**Task statement**
Scan the material below for every line with the string "then", and copy those lines.

[Start of section]

lemma cover_closer_to_half:
  assumes G: "simple_graph V H" and cover: "frac_vertex_cover V H f"
    and weight: "(\<Sum>v\<in>V. f v) < card V / 2"
    and more_high: "card {v\<in>V. f v < 1/2} \<le> card {v\<in>V. 1/2 < f v}"
  obtains g where "frac_vertex_cover V H g" "(\<Sum>v\<in>V. g v) < card V / 2"
    "{v\<in>V. g v \<noteq> 1/2} \<subset> {v\<in>V. f v \<noteq> 1/2}"
proof -
  define N where "N = {v\<in>V. f v \<noteq> 1/2}"
  have fin: "finite V" "finite N"
    using G unfolding simple_graph_def N_def by auto
  have "N \<noteq> {}"
  proof
    assume "N = {}"
    then have "(\<Sum>v\<in>V. f v) = (\<Sum>v\<in>V. 1/2)"
      unfolding N_def by (intro sum.cong) auto
    with weight show False by simp
  qed
  define \<delta> where "\<delta> = Min ((\<lambda>v. \<bar>f v - 1/2\<bar>) ` N)"
  have "\<delta> \<in> (\<lambda>v. \<bar>f v - 1/2\<bar>) ` N"
    unfolding \<delta>_def using fin \<open>N \<noteq> {}\<close> by (intro Min_in) auto
  then obtain w where w: "w \<in> N" "\<bar>f w - 1/2\<bar> = \<delta>"
    by blast
  have \<delta>_le: "\<And>v. v \<in> V \<Longrightarrow> f v \<noteq> 1/2 \<Longrightarrow> \<delta> \<le> \<bar>f v - 1/2\<bar>"
    unfolding \<delta>_def N_def using fin by auto
  have "0 < \<delta>"
    using w unfolding N_def by auto
  show ?thesis
  proof
    show "frac_vertex_cover V H (toward_half \<delta> f)"
      using frac_vertex_cover_toward_half[OF cover G] \<open>0 < \<delta>\<close> \<delta>_le by simp
    have "\<delta> * (card {v\<in>V. f v < 1/2} - real (card {v\<in>V. 1/2 < f v})) \<le> 0"
      using more_high \<open>0 < \<delta>\<close> by (simp add: mult_nonneg_nonpos)
    then show "(\<Sum>v\<in>V. toward_half \<delta> f v) < card V / 2"
      using sum_toward_half[OF fin(1), of \<delta> f] weight by linarith
    have "toward_half \<delta> f w = 1/2"
      using w unfolding toward_half_def by (auto simp: abs_if)
    moreover have "{v\<in>V. toward_half \<delta> f v \<noteq> 1/2} \<subseteq> {v\<in>V. f v \<noteq> 1/2}"
      unfolding toward_half_def by auto
    ultimately show "{v\<in>V. toward_half \<delta> f v \<noteq> 1/2} \<subset> {v\<in>V. f v \<noteq> 1/2}"
      using w(1) unfolding N_def by blast
  qed
qed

[End of section]

**Answer to this task**
    then have "(\<Sum>v\<in>V. f v) = (\<Sum>v\<in>V. 1/2)"
  then obtain w where w: "w \<in> N" "\<bar>f w - 1/2\<bar> = \<delta>"
    then show "(\<Sum>v\<in>V. toward_half \<delta> f v) < card V / 2"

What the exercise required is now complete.